# Got a call asking if we want to sell our Diamond timeshare - how did they get my number?



## mjc775 (Aug 20, 2020)

I got a call today asking if we want to sell our Diamond timeshare from this company: http://wrightrealestateint.com/

How did this company know I had a Diamond Timeshare, and how did they get my number? Does Diamond sell them the information? Another possibility is perhaps a shady rep with DRI that gave them my information?

This week I contacted DRI via Facebook Messenger about changing a reservation at a resort in a state where the mandatory quarantine order just got extended, and today a rep called me back and left me a voicemail. It's strange that I got the unsolicited offer to sell on the same day within a few hours.


----------



## Passepartout (Aug 20, 2020)

Owners of property- including timeshares- are public records.


----------



## RX8 (Aug 20, 2020)

Your cold call was from a scammer. How do we know?  Cold call is #1, and #2 the fact that their website was created literally less than one month ago. 




Scammers apparently can buy lists of timeshare owners relatively easy.


----------



## pedro47 (Aug 20, 2020)

If our phone rings onetime it is a scammer or a do not call number.
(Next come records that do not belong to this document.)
lemma has_swapped_Cons_Max:
  assumes "\<forall>y \<in> set xs. y < M" "3 \<le> k"
  shows "has_swapped k (M # xs) \<longleftrightarrow> has_swapped k xs"
proof
  assume "has_swapped k (M # xs)"
  then obtain ys where ys: "subseq ys (M # xs)" "length ys = k" "swapped_sorted ys"
    unfolding has_swapped_def by blast
  have "subseq ys xs"
    using ys(1)
  proof (cases rule: subseq_Cons_cases)
    case (2 zs)
    then obtain q z zs' where "zs = q # z # zs'"
      using ys(2) assms(2) by (cases zs rule: remdups_adj.cases) auto
    then show ?thesis
      using 2 ys(3) assms(1) set_subseq_subset[OF 2(2)] by auto
  qed
  then show "has_swapped k xs"
    using ys unfolding has_swapped_def by blast
qed (rule has_swapped_subseq[OF subseq_Cons_self])

definition has_schroeder_pattern :: "nat list \<Rightarrow> bool" where
  "has_schroeder_pattern xs \<longleftrightarrow>
     (\<exists>x y c d. subseq [x, y, c, d] xs \<and> x < d \<and> y < d \<and> d < c \<and> x \<noteq> y)"

definition schroeder_list :: "nat list \<Rightarrow> bool" where
  "schroeder_list xs \<longleftrightarrow> distinct xs \<and> \<not> has_schroeder_pattern xs"

lemma has_schroeder_pattern_iff_contains:
  "has_schroeder_pattern xs \<longleftrightarrow> contains xs [1, 2, 4, 3] \<or> contains xs [2, 1, 4, 3]"
proof -
  have shape: "order_isomorphic ys [1, 2, 4, 3] \<or> order_isomorphic ys [2, 1, 4, 3] \<longleftrightarrow>
      (\<exists>x y c d. ys = [x, y, c, d] \<and> x < d \<and> y < d \<and> d < c \<and> x \<noteq> y)" for ys
  proof (cases "length ys = 4")
    case True
    then obtain x y c d where "ys = [x, y, c, d]"
      by (auto simp: length_Suc_conv numeral_eq_Suc)
    then show ?thesis
      by (auto simp: order_isomorphic_def)
  qed (auto simp: order_isomorphic_def)
  have "contains xs [1, 2, 4, 3] \<or> contains xs [2, 1, 4, 3] \<longleftrightarrow>
      (\<exists>ys. subseq ys xs \<and> (order_isomorphic ys [1, 2, 4, 3] \<or> order_isomorphic ys [2, 1, 4, 3]))"
    unfolding contains_iff_subseq by blast
  also have "\<dots> \<longleftrightarrow> has_schroeder_pattern xs"
    unfolding shape has_schroeder_pattern_def by blast
  finally show ?thesis ..
qed

lemma schroeder_iff: "pi \<in> schroeder n \<longleftrightarrow> set pi = {1..n} \<and> schroeder_list pi"
  unfolding schroeder_def perms_def avoids_def schroeder_list_def has_schroeder_pattern_iff_contains
  by auto

lemma schroeder_list_subseq: "subseq ys xs \<Longrightarrow> schroeder_list xs \<Longrightarrow> schroeder_list ys"
  unfolding schroeder_list_def has_schroeder_pattern_def
  by (meson distinct_subseq subseq_order.order_trans)

lemma schroeder_list_map:
  "strict_mono_on (set xs) f \<Longrightarrow> schroeder_list (map f xs) \<longleftrightarrow> schroeder_list xs"
  by (simp add: schroeder_list_def has_schroeder_pattern_iff_contains contains_map
      distinct_map strict_mono_on_imp_inj_on)
(* For Lebesgue almost all $x\in(0,1)$, $$\liminf_{n\to\infty}\frac{\log R_n(x)-\log n}{\log\log n}=-\infty\quad\text{and}\quad\liminf_{n\to\infty}\frac{\log M_n(x)-\log n}{\log\log n}=0.$$
   Context: Signed Engel expansion: define $T\colon[0,1)\to[0,1)$ by: for $k\in\mathbb{N}$, $Tx=\lceil 1/x\rceil x-1$ if $x\in(\frac{1}{2k},\frac{1}{2k-1})$; $Tx=1-\lfloor 1/x\rfloor x$ if $x\in(\frac{1}{2k+1},\frac{1}{2k})$; $Tx=0$ if $x\in\{0\}\cup\{1/n\colon n\ge 2\}$. For $x\in(0,1)$, $d_1(x)=\lceil 1/x\rceil$ if $x\in[\frac{1}{2k},\frac{1}{2k-1})$ for some $k\in\mathbb{N}$, and $d_1(x)=\lfloor 1/x\rfloor$ if $x\in[\frac{1}{2k+1},\frac{1}{2k})$ for some $k\in\mathbb{N}$; $d_{n+1}(x)=d_1(T^nx)$. For irrational $x\in(0,1)$, $R_1(x)=d_1(x)$, $R_n(x)=d_n(x)/d_{n-1}(x)$ for $n\ge2$, and $M_n(x)=\max\{R_k(x)\colon 1\le k\le n\}$. *)

theory Defs
  imports "HOL-Analysis.Analysis"
begin

text \<open>The signed Engel map T on [0,1). Outside the two families of open intervals
  (i.e. at 0 and at the points 1/n, n \<ge> 2) it is 0.\<close>
definition sengel_T :: "real \<Rightarrow> real" where
  "sengel_T x =
     (if \<exists>k::nat. k \<ge> 1 \<and> 1 / (2 * real k) < x \<and> x < 1 / (2 * real k - 1)
      then real_of_int (ceiling (1 / x)) * x - 1
      else if \<exists>k::nat. k \<ge> 1 \<and> 1 / (2 * real k + 1) < x \<and> x < 1 / (2 * real k)
      then 1 - real_of_int (floor (1 / x)) * x
      else 0)"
Do not ask me how? A Spectrum tech set this up.. It is awesome.


----------



## dioxide45 (Aug 20, 2020)

I am sure that owner databases have been stolen by disgruntled employees of several companies over the years. Perhaps even some of the exchange companies?


----------



## artringwald (Aug 23, 2020)

pedro47 said:


> If our phone rings onetime it is a scammer or a do not call number. Do not ask me how? A Spectrum tech set this up.. It is awesome.


Nomorobo works this way. It's free. You phone line needs the ability to ring two places at once. Spectrum may have this feature. They just set it up so when it rings on your line, it also rings on Nomorobo. If it's coming from a know scammer, they automatically answer it and then hang up.


----------



## SmithOp (Aug 23, 2020)

When you check in to a DRI resort they ask for a phone number. DO NOT give them a number unless you like these calls. Every time I have given them a number it gets bombarded with these type of calls.
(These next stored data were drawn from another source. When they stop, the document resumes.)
lemma (in sigma_finite_measure) entropy_density_density_eq_ln_ratio:
  fixes p q :: "'a \<Rightarrow> real"
  assumes [measurable]: "p \<in> borel_measurable M" "q \<in> borel_measurable M"
    and nonneg: "AE z in M. 0 \<le> p z" "AE z in M. 0 \<le> q z"
    and ac: "AE z in M. q z = 0 \<longrightarrow> p z = 0"
  shows "AE z in M. 0 < q z \<longrightarrow>
           entropy_density (exp 1) (density M q) (density M p) z = ln (p z / q z)"
proof -
  have "density (density M q) (\<lambda>z. ennreal (p z / q z)) = density M p"
    using density_density_divide [OF _ nonneg(2) _ nonneg(1) ac] by simp
  moreover have "sigma_finite_measure (density M q)"
    by (subst sigma_finite_iff_density_finite) auto
  ultimately have "AE z in density M q. ennreal (p z / q z) = RN_deriv (density M q) (density M p) z"
    by (intro sigma_finite_measure.RN_deriv_unique) auto
  then have "AE z in M. 0 < q z \<longrightarrow> ennreal (p z / q z) = RN_deriv (density M q) (density M p) z"
    by (subst (asm) AE_density) auto
  then show ?thesis
    using nonneg(1)
  proof eventually_elim
    case (elim z)
    show ?case
    proof
      assume "0 < q z"
      with elim have "RN_deriv (density M q) (density M p) z = ennreal (p z / q z)" by simp
      with elim \<open>0 < q z\<close> show "entropy_density (exp 1) (density M q) (density M p) z = ln (p z / q z)"
        by (simp add: entropy_density_def log_def)
    qed
  qed
qed

lemma KLdiv_finiteD:
  fixes p q :: "'a \<Rightarrow> real"
  assumes "sigma_finite_measure M"
    and measurable [measurable]: "p \<in> borel_measurable M" "q \<in> borel_measurable M"
    and nonneg: "\<And>z. z \<in> space M \<Longrightarrow> 0 \<le> p z" "\<And>z. z \<in> space M \<Longrightarrow> 0 \<le> q z"
    and KL: "KLdiv M p q = ereal k"
  shows "AE z in M. q z = 0 \<longrightarrow> p z = 0"
    and "integrable M (\<lambda>z. p z * ln (p z / q z))"
    and "k = (\<integral>z. p z * ln (p z / q z) \<partial>M)"
proof -
  interpret sigma_finite_measure M by fact
  let ?P = "density M p" and ?Q = "density M q"
  have ac_PQ: "absolutely_continuous ?Q ?P"
    and int: "integrable ?P (entropy_density (exp 1) ?Q ?P)"
    and k: "k = KL_divergence (exp 1) ?Q ?P"
    using KL unfolding KLdiv_def Let_def by (auto split: if_splits)
  have AE_nonneg: "AE z in M. 0 \<le> p z" "AE z in M. 0 \<le> q z" using nonneg by auto
  show ac: "AE z in M. q z = 0 \<longrightarrow> p z = 0"
    using ac_PQ nonneg by (intro AE_density_zero_if_absolutely_continuous) auto
  have int_M: "integrable M (\<lambda>z. p z * entropy_density (exp 1) ?Q ?P z)"
    using int AE_nonneg by (subst (asm) integrable_real_density) auto
  have eq: "AE z in M. p z * entropy_density (exp 1) ?Q ?P z = p z * ln (p z / q z)"
    using entropy_density_density_eq_ln_ratio [OF measurable AE_nonneg ac] ac AE_nonneg
    by eventually_elim (metis less_eq_real_def mult_zero_left)
  show "integrable M (\<lambda>z. p z * ln (p z / q z))"
    by (intro integrable_cong_AE_imp [OF int_M _ eq]) measurable
  show "k = (\<integral>z. p z * ln (p z / q z) \<partial>M)"
    unfolding k using AE_nonneg ac by (subst KL_density_density) (auto simp: log_def)
qed

lemma L1_dist_le_KL_tradeoff:
  fixes p q :: "'a \<Rightarrow> real"
  assumes p: "prob_density M p" and q: "prob_density M q"
    and ac: "AE z in M. q z = 0 \<longrightarrow> p z = 0"
    and int_ln: "integrable M (\<lambda>z. p z * ln (p z / q z))"
    and "0 < c"
  shows "(\<integral>z. \<bar>p z - q z\<bar> \<partial>M) \<le> c + (\<integral>z. p z * ln (p z / q z) \<partial>M) / (2 * c)"
proof -
  have int: "integrable M p" "integrable M q" and one: "(\<integral>z. p z \<partial>M) = 1" "(\<integral>z. q z \<partial>M) = 1"
    using p q by (auto simp: prob_density_def)
  have "(\<integral>z. \<bar>p z - q z\<bar> \<partial>M)
      \<le> (\<integral>z. c * (2 * p z + 4 * q z) / 6 + (p z * ln (p z / q z) - p z + q z) / (2 * c) \<partial>M)"
  proof (rule integral_mono_AE)
    show "AE z in M. \<bar>p z - q z\<bar> \<le> c * (2 * p z + 4 * q z) / 6 + (p z * ln (p z / q z) - p z + q z) / (2 * c)"
      using ac AE_space
    proof eventually_elim
      case (elim z)
      then have "0 \<le> p z" "0 \<le> q z" using p q by (auto simp: prob_density_def)
      with elim \<open>0 < c\<close> show ?case
        by (cases "q z = 0") (auto intro: abs_diff_le_pinsker_pointwise)
    qed
  qed (use int int_ln in auto)
  also have "\<dots> = c + (\<integral>z. p z * ln (p z / q z) \<partial>M) / (2 * c)"
    using int int_ln by (simp add: one)
  finally show ?thesis .
qed

theorem pinsker_inequality:
  fixes p q :: "'a \<Rightarrow> real"
  assumes "sigma_finite_measure M" and p: "prob_density M p" and q: "prob_density M q"
    and KL: "KLdiv M p q = ereal k"
  shows "(\<integral>z. \<bar>p z - q z\<bar> \<partial>M) \<le> 2 * sqrt (k / 2)"
proof (rule le_inf_of_c_plus_k_div_2c)
  have "p \<in> borel_measurable M" "q \<in> borel_measurable M"
    "\<And>z. z \<in> space M \<Longrightarrow> 0 \<le> p z" "\<And>z. z \<in> space M \<Longrightarrow> 0 \<le> q z"
    using p q by (auto simp: prob_density_def)
  note KL_facts = KLdiv_finiteD [OF assms(1) this KL]
  show "(\<integral>z. \<bar>p z - q z\<bar> \<partial>M) \<le> c + k / (2 * c)" if "0 < c" for c
    using L1_dist_le_KL_tradeoff [OF p q KL_facts(1,2) that] by (simp add: KL_facts(3))
qed simp

lemma L1_dist_half_le_sqrt_KLdiv:
  fixes p q :: "'a \<Rightarrow> real"
  assumes "sigma_finite_measure M" "prob_density M p" "prob_density M q"
  shows "ereal ((\<integral>z. \<bar>p z - q z\<bar> \<partial>M) / 2) \<le> ereal_sqrt (KLdiv M p q / 2)"
proof (cases "KLdiv M p q")
  case (real k)
  then have "(\<integral>z. \<bar>p z - q z\<bar> \<partial>M) / 2 \<le> sqrt (k / 2)"
    using pinsker_inequality [OF assms] by simp
  then show ?thesis using real by (simp add: ereal_sqrt_def)
qed (auto simp: ereal_sqrt_def KLdiv_def Let_def split: if_splits)

lemma L1_dist_le_Dx:
  assumes "sigma_finite_measure M" "prob_density M (q x 0)" "prob_density M (q x 1)"
  shows "ereal (\<integral>z. \<bar>q x 0 z - q x 1 z\<bar> \<partial>M) \<le> Dx M q x"
proof -
  have "ereal (\<integral>z. \<bar>q x 0 z - q x 1 z\<bar> \<partial>M)
      = ereal ((\<integral>z. \<bar>q x 0 z - q x 1 z\<bar> \<partial>M) / 2) + ereal ((\<integral>z. \<bar>q x 1 z - q x 0 z\<bar> \<partial>M) / 2)"
    by (simp add: abs_minus_commute)
  also have "\<dots> \<le> ereal_sqrt (KLdiv M (q x 0) (q x 1) / 2) + ereal_sqrt (KLdiv M (q x 1) (q x 0) / 2)"
    using assms by (intro add_mono L1_dist_half_le_sqrt_KLdiv)
  also have "\<dots> = Dx M q x"
    by (simp add: Dx_def)
  finally show ?thesis .
qed

lemma integrable_mult_bounded:
  fixes f g :: "'a \<Rightarrow> real"
  assumes "integrable M f" "g \<in> borel_measurable M" "\<And>z. z \<in> space M \<Longrightarrow> \<bar>g z\<bar> \<le> C"
  shows "integrable M (\<lambda>z. f z * g z)"
proof (rule Bochner_Integration.integrable_bound [where f = "\<lambda>z. C * f z"])
  show "AE z in M. norm (f z * g z) \<le> norm (C * f z)"
  proof (rule AE_I2)
    fix z assume "z \<in> space M"
    then have "\<bar>f z\<bar> * \<bar>g z\<bar> \<le> \<bar>f z\<bar> * \<bar>C\<bar>"
      using assms(3) by (intro mult_left_mono) force+
    then show "norm (f z * g z) \<le> norm (C * f z)" by (simp add: abs_mult mult.commute)
  qed
qed (use assms in auto)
Sent from my iPad using Tapatalk Pro


----------



## simpsontruckdriver (Aug 25, 2020)

Another way is by Google Searches. I saw an ad on Facebook for a company that gets leads from them for everyone who searches to exit their timeshare. Then, they sell the leads to anyone who runs - or wants to run - a timeshare exit company.

TS


----------



## dioxide45 (Aug 25, 2020)

simpsontruckdriver said:


> Another way is by Google Searches. I saw an ad on Facebook for a company that gets leads from them for everyone who searches to exit their timeshare. Then, they sell the leads to anyone who runs - or wants to run - a timeshare exit company.
> 
> TS


Another is through the Coalition to Reform Timeshare. Seems to just be a front to collect owner data to then target with timeshare exit schemes. They also have a change.org petition. Can those that start those petitions see the email addresses provided when you sign?


----------



## Arusso (Jan 9, 2021)

pedro47 said:


> If our phone rings onetime it is a scammer or a do not call number. Do not ask me how? A Spectrum tech set this up.. It is awesome.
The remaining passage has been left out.